While the proposal is long and complex, it is supported by a long
history of usage in several different Lisp environments.  Unlike some
earlier members of this family, this version fits cleanly enough into
the rest of Common Lisp to warrant standardization.

A couple of specific comments:

Under aesthetics you might mention that some people will undoubtedly
find piling more hair on FORMAT ugly (of course these same people may
well find FORMAT in general ugly :-)).

The utility of *PRINT-LINES* becomes more obvious if it is pointed out
that Dick's pretty printers are implemented to print each line as it
is computed.  This means that a small value for *PRINT-LINES* saves
significant time as well as output medium space.  In fact, many people
find that a very pleasant REP loop is created by setting *PRINT-LINES*
to a value from 1-4, *PRINT-PRETTY* to T, and defining a short-name
function (say (PP*)) that funcalls *LAST-ABBREVIATED-PRINTING* with
abbreviation bound off.  This is almost as fast and compact as, and
MUCH more readable than, a non-pretty-printing REP loop.

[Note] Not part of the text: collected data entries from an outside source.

lemma inj_on_fun_upd_insert:
  assumes "m \<notin> S" "inj_on (\<lambda>i. h (C i)) S" "h c \<notin> (\<lambda>i. h (C i)) ` S"
  shows "inj_on (\<lambda>i. h ((C(m := c)) i)) (insert m S)"
proof -
  have "(C(m := c)) i = C i" if "i \<in> S" for i using assms(1) that by auto
  then have "inj_on (\<lambda>i. h ((C(m := c)) i)) S \<and> h c \<notin> (\<lambda>i. h ((C(m := c)) i)) ` S"
    using assms(2,3) by (simp cong: inj_on_cong image_cong)
  moreover have "S - {m} = S" using assms(1) by blast
  ultimately show ?thesis by simp
qed

lemma triangular_lincombs_distinct_orders:
  fixes f :: "nat \<Rightarrow> 'a::field poly" and R :: "nat \<Rightarrow> nat \<Rightarrow> 'a"
  assumes ind: "lin_indep f k"
    and diag: "\<And>i. i < k \<Longrightarrow> R i i \<noteq> 0"
    and triangular: "\<And>i j. j < i \<Longrightarrow> i < k \<Longrightarrow> R i j = 0"
  obtains C where "\<And>i j. i < k \<Longrightarrow> j \<le> i \<Longrightarrow> C i j = R i j"
    and "\<And>i. i < k \<Longrightarrow> order 0 (lincomb f k (R i)) \<le> order 0 (lincomb f k (C i))"
    and "inj_on (\<lambda>i. order 0 (lincomb f k (C i))) {0..<k}"
proof -
  let ?ord = "\<lambda>c. order 0 (lincomb f k c)"
  define settled where "settled m C \<longleftrightarrow>
    (\<forall>i\<in>{m..<k}. (\<forall>j\<le>i. C i j = R i j) \<and> ?ord (R i) \<le> ?ord (C i)) \<and>
    inj_on (\<lambda>i. ?ord (C i)) {m..<k}" for m C
  have "\<exists>C. settled m C" if "m \<le> k" for m
    using that
  proof (induction m rule: inc_induct)
    case base
    show ?case by (auto simp: settled_def)
  next
    case (step m)
    then obtain C where C: "settled (Suc m) C" by blast
    have rows: "C i j = 0" if "m < i" "i < k" "j \<le> m" for i j
      using C that triangular[of j i] by (auto simp: settled_def)
    have rows_nonzero: "lincomb f k (C i) \<noteq> 0" if "m < i" "i < k" for i
      using lincomb_nonzero[OF ind \<open>i < k\<close>, of "C i"] C that diag[of i] by (auto simp: settled_def)
    obtain c where c: "\<And>j. j \<le> m \<Longrightarrow> c j = R m j" "?ord (R m) \<le> ?ord c"
      and avoid: "\<And>i. m < i \<Longrightarrow> i < k \<Longrightarrow> ?ord c \<noteq> ?ord (C i)"
      using lincomb_order_avoiding[where c="R m" and C=C and f=f and k=k and m=m,
          OF ind \<open>m < k\<close> diag[OF \<open>m < k\<close>] rows rows_nonzero]
      by blast
    have split: "{m..<k} = insert m {Suc m..<k}" using \<open>m < k\<close> by auto
    have "inj_on (\<lambda>i. ?ord ((C(m := c)) i)) {m..<k}"
      unfolding split
    proof (rule inj_on_fun_upd_insert[where h="\<lambda>c. order 0 (lincomb f k c)"])
      show "inj_on (\<lambda>i. ?ord (C i)) {Suc m..<k}" using C by (simp add: settled_def)
      show "?ord c \<notin> (\<lambda>i. ?ord (C i)) ` {Suc m..<k}"
      proof
        assume "?ord c \<in> (\<lambda>i. ?ord (C i)) ` {Suc m..<k}"
        then obtain i where "Suc m \<le> i" "i < k" "?ord c = ?ord (C i)" by auto
        with avoid[of i] show False by simp
      qed
    qed simp
    then have "settled m (C(m := c))"
      using C c unfolding settled_def split by auto
    then show ?case by blast
  qed
  then obtain C where "settled 0 C" by blast
  then show ?thesis by (intro that[of C]) (auto simp: settled_def)
qed

definition wronskian :: "('a::comm_ring_1 poly \<Rightarrow> 'a poly) \<Rightarrow> nat \<Rightarrow> (nat \<Rightarrow> 'a poly) \<Rightarrow> 'a poly" where
  "wronskian D k g = det (mat k k (\<lambda>(s, i). (D ^^ s) (g i)))"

The advantages of compiled format strings (format functions) should be
brought out as benefits in their own right.  The current proposal just
mentions them as a minor feature of XP.

At first this struck me a very cute end run around the failure of
STREAM-INFO, then I realized that one of the problems with STREAM-INFO
may have been that it was a standard at the wrong level.  STREAM-INFO
permitted people to use XP, but not to count on it.  This proposal
makes it possible to write portable code whose new data structures and
language elements print correctly in whatever Common Lisp environment
they're run in.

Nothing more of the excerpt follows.